Delay democracy in Iraq

http://www.NewsAndOpinion.com | I think the last thing Iraq needs is democracy.

I guess that sounds funny because I've been pounding my shoe on the table in favor of democratizing Iraq for a couple years now. So when I say that the last thing Iraq needs is democracy, I don't mean it shouldn't have it, I mean elections should be the last on a long list of priorities for Iraq.

Without law, order and civil society, democracy is mobocracy.

In the United States we've fetishized democracy to the point where it means essentially "all good things." If something is bad, it must be undemocratic.

But this sentiment runs completely counter to the intent of the US Constitution. The founders were just as afraid of too much democracy -the tyranny of the majority -as they were of too little -the tyranny of the minority.

The Bill of Rights and the Constitution were designed to limit and constrain the excesses of democracy. This is why the federal judiciary is the least democratic branch of government, with lifetime appointments for judges largely immune from congressional meddling. (This may also explain why the judiciary is the most respected branch of our government according to polls.)

In principle, the Constitution protects my individual rights against the entire country. If everyone voted to say Jonah Goldberg had no right to free speech, the Supreme Court would tell the whole country to stuff it. Of course, in practice, this principle has been folded, spindled and mutilated from time to time over the last two centuries. But that's a subject for another column.

The point is that the most important guarantees for freedom do not come from the ballot box; instead, they come from a series of laws and customs that respect individual rights. In a pure democracy, 51 percent of the people can vote to do whatever they want to 49 percent of the people -which is one of the reasons why, even if slaves had had the right to vote in, say, 1825, there'd still have been slavery in the South.

Anyway, this is a point sorely misunderstood in Iraq and in America. Right now Shiite militants -many backed by Iran -are clamoring for immediate elections because they think democracy is simply a means of grabbing power by lever-pulling or ballot-casting.

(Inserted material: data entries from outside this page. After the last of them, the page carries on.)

(* For a length-$N$ steganographic code subject to distortion $D$ with zero probability of error (for any $\varepsilon>0$, $P(\phi_N(X^N,K)\ne M)\le\varepsilon$), the unicity distance $n_0$ for known-cover extracting attack and the unicity distance $n_1$ for stego-only extracting attack satisfy, for any given $\varepsilon>0$, \[ n_1\ \ge\ n_0\ \ge\ \frac{R_k}{C(D)-R_m+\varepsilon}, \] where $C(D)=\max_{q(x|\widetilde{x})\in Q}H(X|\widetilde{X})$ is the hiding capacity, $R_m=H(M)/N$ is the message rate and $R_k=H(K)/N$ is the key rate.
   Context: Model. $\mathcal{X}$ is a finite alphabet, $\mathcal{K}$ a finite key set. A distortion function is $d:\mathcal{X}\times\mathcal{X}\to[0,\infty)$, extended to $N$-tuples by averaging. A length-$N$ steganographic code subject to distortion $D$ is a triple $(\mathcal{M},f_N,\phi_N)$ with finite message set $\mathcal{M}$, embedding map $f_N:\mathcal{X}^N\times\mathcal{M}\times\mathcal{K}\to\mathcal{X}^N$ whose average distortion (averaged over cover distribution, uniform message and uniform key) is at most $D$, and extraction map $\phi_N(x^N,k)\in\mathcal{M}$. The cover $\widetilde{X}^N$ is i.i.d. from $P(\widetilde{x})$; the message $M$ is uniform and independent of the cover; the key $K$ is independent of message and cover; $X^N=f_N(\widetilde{X}^N,M,K)$. Admissible cover channels: $Q=\{q(x|\widetilde{x}):\sum_{\widetilde{x},x}d(\widetilde{x},x)q(x|\widetilde{x})P(\widetilde{x})\le D\}$, acting memorylessly on $N$-tuples. In an $n$-fold use, $n$ i.i.d. covers and messages are embedded with the same key. Given $n$ observed pairs of cover/stego objects, a key $k$ is possible if there is a message sequence of positive probability which, embedded with $k$ into the observed covers, yields the observed stego objects; the expected number of spurious keys $\overline{S}_n$ is the expectation of (number of possible keys $-1$). The unicity distance $n_0$ (known-cover attack) is the minimum number of cover/stego pairs with which the expected number of spurious stego keys equals zero; the unicity distance $n_1$ (stego-only attack) is the minimum number of stego objects with which the expected number of spurious stego keys equals zero (where possible keys are those consistent with the stego objects alone). Entropies are in bits. *)

theory Defs
  imports Complex_Main
begin

(* Entropy (in bits) of a finitely supported distribution p on the finite set A,
   with the convention 0 log 0 = 0 (automatic, since 0 * _ = 0). *)
definition entropy :: "('a \<Rightarrow> real) \<Rightarrow> 'a set \<Rightarrow> real" where
  "entropy p A = - (\<Sum>a\<in>A. p a * log 2 (p a))"

definition unif :: "'a::finite \<Rightarrow> real" where
  "unif (a::'a::finite) = 1 / real (card (UNIV :: 'a set))"

definition tuples :: "nat \<Rightarrow> 'a list set" where
  "tuples N = {xs. length xs = N}"

definition prodP :: "('x \<Rightarrow> real) \<Rightarrow> 'x list \<Rightarrow> real" where
  "prodP P xs = prod_list (map P xs)"

definition distN :: "('x \<Rightarrow> 'x \<Rightarrow> real) \<Rightarrow> 'x list \<Rightarrow> 'x list \<Rightarrow> real" where
  "distN d xs ys = (\<Sum>i<length xs. d (xs ! i) (ys ! i)) / real (length xs)"

definition avg_distortion ::
  "nat \<Rightarrow> ('x::finite \<Rightarrow> real) \<Rightarrow> ('x \<Rightarrow> 'x \<Rightarrow> real) \<Rightarrow>
   ('x list \<Rightarrow> 'm::finite \<Rightarrow> 'k::finite \<Rightarrow> 'x list) \<Rightarrow> real" where
  "avg_distortion N P d f =
     (\<Sum>c\<in>tuples N. \<Sum>m\<in>UNIV. \<Sum>k\<in>UNIV.
        prodP P c * unif m * unif k * distN d c (f c m k))"

definition err_prob ::
  "nat \<Rightarrow> ('x::finite \<Rightarrow> real) \<Rightarrow>
   ('x list \<Rightarrow> 'm::finite \<Rightarrow> 'k::finite \<Rightarrow> 'x list) \<Rightarrow> ('x list \<Rightarrow> 'k \<Rightarrow> 'm) \<Rightarrow> real" where
  "err_prob N P f phi =
     (\<Sum>c\<in>tuples N. \<Sum>m\<in>UNIV. \<Sum>k\<in>UNIV.
        prodP P c * unif m * unif k * (if phi (f c m k) k \<noteq> m then 1 else 0))"

definition stego_code ::
  "nat \<Rightarrow> ('x::finite \<Rightarrow> real) \<Rightarrow> ('x \<Rightarrow> 'x \<Rightarrow> real) \<Rightarrow> real \<Rightarrow>
   ('x list \<Rightarrow> 'm::finite \<Rightarrow> 'k::finite \<Rightarrow> 'x list) \<Rightarrow> ('x list \<Rightarrow> 'k \<Rightarrow> 'm) \<Rightarrow> bool" where
  "stego_code N P d D f phi \<longleftrightarrow>
     (\<forall>c m k. length c = N \<longrightarrow> length (f c m k) = N) \<and>
     avg_distortion N P d f \<le> D"

(* admissible cover channels q(x | xt) = q xt x *)
definition admissible :: "('x::finite \<Rightarrow> real) \<Rightarrow> ('x \<Rightarrow> 'x \<Rightarrow> real) \<Rightarrow> real \<Rightarrow> ('x \<Rightarrow> 'x \<Rightarrow> real) set" where
  "admissible P d D =
     {q. (\<forall>xt x. 0 \<le> q xt x) \<and> (\<forall>xt. (\<Sum>x\<in>UNIV. q xt x) = 1) \<and>
         (\<Sum>xt\<in>UNIV. \<Sum>x\<in>UNIV. d xt x * q xt x * P xt) \<le> D}"

definition cond_entropy :: "('x::finite \<Rightarrow> real) \<Rightarrow> ('x \<Rightarrow> 'x \<Rightarrow> real) \<Rightarrow> real" where
  "cond_entropy P q = - (\<Sum>xt\<in>UNIV. \<Sum>x\<in>UNIV. P xt * q xt x * log 2 (q xt x))"

definition hiding_capacity :: "('x::finite \<Rightarrow> real) \<Rightarrow> ('x \<Rightarrow> 'x \<Rightarrow> real) \<Rightarrow> real \<Rightarrow> real" where
  "hiding_capacity P d D = (SUP q\<in>admissible P d D. cond_entropy P q)"

definition stegos :: "('x list \<Rightarrow> 'm \<Rightarrow> 'k \<Rightarrow> 'x list) \<Rightarrow> 'x list list \<Rightarrow> 'm list \<Rightarrow> 'k \<Rightarrow> 'x list list" where
  "stegos f cs ms k = map2 (\<lambda>c m. f c m k) cs ms"

(* possible keys, known-cover attack: some message sequence (all have positive
   probability, messages being uniform) embedded with k' into the observed covers
   gives the observed stego objects *)
definition poss_keys_kc ::
  "('x list \<Rightarrow> 'm \<Rightarrow> 'k \<Rightarrow> 'x list) \<Rightarrow> 'x list list \<Rightarrow> 'x list list \<Rightarrow> 'k set" where
  "poss_keys_kc f cs ss =
     {k'. \<exists>ms'. length ms' = length cs \<and> stegos f cs ms' k' = ss}"

definition poss_keys_so ::
  "nat \<Rightarrow> ('x \<Rightarrow> real) \<Rightarrow> ('x list \<Rightarrow> 'm \<Rightarrow> 'k \<Rightarrow> 'x list) \<Rightarrow> 'x list list \<Rightarrow> 'k set" where
  "poss_keys_so N P f ss =
     {k'. \<exists>cs' ms'. length cs' = length ss \<and> length ms' = length ss \<and>
          (\<forall>c\<in>set cs'. length c = N \<and> prodP P c > 0) \<and> stegos f cs' ms' k' = ss}"

definition spurious_kc ::
  "nat \<Rightarrow> ('x::finite \<Rightarrow> real) \<Rightarrow> ('x list \<Rightarrow> 'm::finite \<Rightarrow> 'k::finite \<Rightarrow> 'x list) \<Rightarrow> nat \<Rightarrow> real" where
  "spurious_kc N P f n =
     (\<Sum>cs\<in>{cs. length cs = n \<and> (\<forall>c\<in>set cs. c \<in> tuples N)}.
      \<Sum>ms\<in>{ms::'m list. length ms = n}. \<Sum>k\<in>UNIV.
        prod_list (map (prodP P) cs) * prod_list (map unif ms) * unif k *
        (real (card (poss_keys_kc f cs (stegos f cs ms k))) - 1))"

definition spurious_so ::
  "nat \<Rightarrow> ('x::finite \<Rightarrow> real) \<Rightarrow> ('x list \<Rightarrow> 'm::finite \<Rightarrow> 'k::finite \<Rightarrow> 'x list) \<Rightarrow> nat \<Rightarrow> real" where
  "spurious_so N P f n =
     (\<Sum>cs\<in>{cs. length cs = n \<and> (\<forall>c\<in>set cs. c \<in> tuples N)}.
      \<Sum>ms\<in>{ms::'m list. length ms = n}. \<Sum>k\<in>UNIV.
        prod_list (map (prodP P) cs) * prod_list (map unif ms) * unif k *
        (real (card (poss_keys_so N P f (stegos f cs ms k))) - 1))"

definition unicity_kc :: "nat \<Rightarrow> ('x::finite \<Rightarrow> real) \<Rightarrow> ('x list \<Rightarrow> 'm::finite \<Rightarrow> 'k::finite \<Rightarrow> 'x list) \<Rightarrow> nat" where
  "unicity_kc N P f = (LEAST n. spurious_kc N P f n = 0)"

definition unicity_so :: "nat \<Rightarrow> ('x::finite \<Rightarrow> real) \<Rightarrow> ('x list \<Rightarrow> 'm::finite \<Rightarrow> 'k::finite \<Rightarrow> 'x list) \<Rightarrow> nat" where
  "unicity_so N P f = (LEAST n. spurious_so N P f n = 0)"

end

theory Submission
  imports Defs "HOL-Library.Cardinality"
begin

(* Zero error forces phi to decode correctly on every cover of positive probability, and the absence
   of spurious keys after n = n0 uses forces the key consistent with the known covers to be unique.
   Hence, for every cover sequence of positive probability, the |M|^n |K| choices of messages and key
   give pairwise distinct stego sequences.  A memoryless channel assigns these sequences total
   probability at most one, so by Gibbs' inequality their average log-likelihood is at most
   -log (|M|^n |K|).  For the channel q(x | xt) derived from the joint law of cover and stego letter
   at a uniformly random position, this average log-likelihood equals -n N H(X | Xt); as q meets the
   distortion constraint, H(X | Xt) <= C(D), and n log |M| + log |K| <= n N C(D) rearranges to the
   bound on n0.  A key consistent with the known covers is also consistent with the stego objects
   alone, so spurious keys can only become more numerous in the stego-only attack, and n1 >= n0. *)

section \<open>Sums over lists and elementary inequalities\<close>

lemma sum_lists_prod_nth:
  fixes F :: "nat \<Rightarrow> 'a \<Rightarrow> 'b::comm_semiring_1"
  assumes "finite A"
  shows "(\<Sum>xs\<in>{xs. set xs \<subseteq> A \<and> length xs = n}. \<Prod>i<n. F i (xs ! i)) = (\<Prod>i<n. \<Sum>a\<in>A. F i a)"
proof (induction n arbitrary: F)
  case 0
  have "{xs. set xs \<subseteq> A \<and> length xs = 0} = {[]}" by auto
  then show ?case by simp
next
  case (Suc n)
  have "(\<Sum>xs\<in>{xs. set xs \<subseteq> A \<and> length xs = Suc n}. \<Prod>i<Suc n. F i (xs ! i))
      = (\<Sum>(xs, a)\<in>{xs. set xs \<subseteq> A \<and> length xs = n} \<times> A. F 0 a * (\<Prod>i<n. F (Suc i) (xs ! i)))"
    unfolding lists_length_Suc_eq
    by (subst sum.reindex[OF inj_split_Cons])
      (simp add: case_prod_unfold prod.lessThan_Suc_shift del: prod.lessThan_Suc)
  also have "\<dots> = (\<Sum>a\<in>A. F 0 a) * (\<Prod>i<n. \<Sum>a\<in>A. F (Suc i) a)"
    by (simp add: sum.cartesian_product[symmetric] sum_product sum.swap[of _ A]
        Suc.IH[of "\<lambda>i. F (Suc i)", symmetric])
  finally show ?case
    by (simp add: prod.lessThan_Suc_shift del: prod.lessThan_Suc)
qed

lemma prod_list_map_conv_prod_nth: "prod_list (map p xs) = (\<Prod>i<length xs. p (xs ! i))"
  by (induction xs) (simp_all add: prod.lessThan_Suc_shift del: prod.lessThan_Suc)

lemma sum_lists_prod_list:
  fixes p :: "'a \<Rightarrow> 'b::comm_semiring_1"
  assumes "finite A"
  shows "(\<Sum>xs\<in>{xs. set xs \<subseteq> A \<and> length xs = n}. prod_list (map p xs)) = sum p A ^ n"
proof -
  have "(\<Sum>xs\<in>{xs. set xs \<subseteq> A \<and> length xs = n}. prod_list (map p xs))
      = (\<Sum>xs\<in>{xs. set xs \<subseteq> A \<and> length xs = n}. \<Prod>i<n. p (xs ! i))"
    by (intro sum.cong) (auto simp: prod_list_map_conv_prod_nth)
  also have "\<dots> = (\<Prod>i<n. sum p A)"
    by (rule sum_lists_prod_nth[OF assms])
  finally show ?thesis by simp
qed

lemma sum_lists_prod_list_mult_nth:
  fixes p :: "'a \<Rightarrow> 'b::comm_semiring_1"
  assumes "finite A" "i < n"
  shows "(\<Sum>xs\<in>{xs. set xs \<subseteq> A \<and> length xs = n}. prod_list (map p xs) * h (xs ! i))
       = (\<Sum>a\<in>A. p a * h a) * sum p A ^ (n - 1)"
proof -
  have "prod_list (map p xs) * h (xs ! i) = (\<Prod>j<n. p (xs ! j) * (if j = i then h (xs ! j) else 1))"
    if "length xs = n" for xs
    using that assms(2) by (simp add: prod_list_map_conv_prod_nth prod.distrib)
  then have "(\<Sum>xs\<in>{xs. set xs \<subseteq> A \<and> length xs = n}. prod_list (map p xs) * h (xs ! i))
      = (\<Sum>xs\<in>{xs. set xs \<subseteq> A \<and> length xs = n}.
           \<Prod>j<n. p (xs ! j) * (if j = i then h (xs ! j) else 1))"
    by (intro sum.cong) auto
  also have "\<dots> = (\<Prod>j<n. \<Sum>a\<in>A. p a * (if j = i then h a else 1))"
    by (rule sum_lists_prod_nth[OF assms(1)])
  also have "\<dots> = (\<Prod>j<n. if j = i then (\<Sum>a\<in>A. p a * h a) else sum p A)"
    by (intro prod.cong) auto
  also have "\<dots> = (\<Sum>a\<in>A. p a * h a) * sum p A ^ (n - 1)"
    using assms(2) by (simp add: prod_gen_delta)
  finally show ?thesis .
qed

The Shiite clerics have figured out that since they comprise 60 percent of the population, they should win an election and then have the right to impose a theocratic regime on 100 percent of the country. This would be an Arab version of "one man, one vote, one time" -the saying that describes how so many African "democrats" become lifetime dictators the moment they're elected.

The relative popularity of the Shiite clerics demonstrates another thing that is lacking in Iraq: a real civil society. A layman's definition of civil society is all that gunk between the state and the individual: community groups, churches, mosques, softball leagues, professional and trade associations, neighborhood councils, gardening clubs, women's groups, etc.

British statesman and philosopher Edmund Burke called these sorts of things the "little platoons" that make a society healthy. They fill the so-called public square and solve most of the problems of everyday life that are not the government's business.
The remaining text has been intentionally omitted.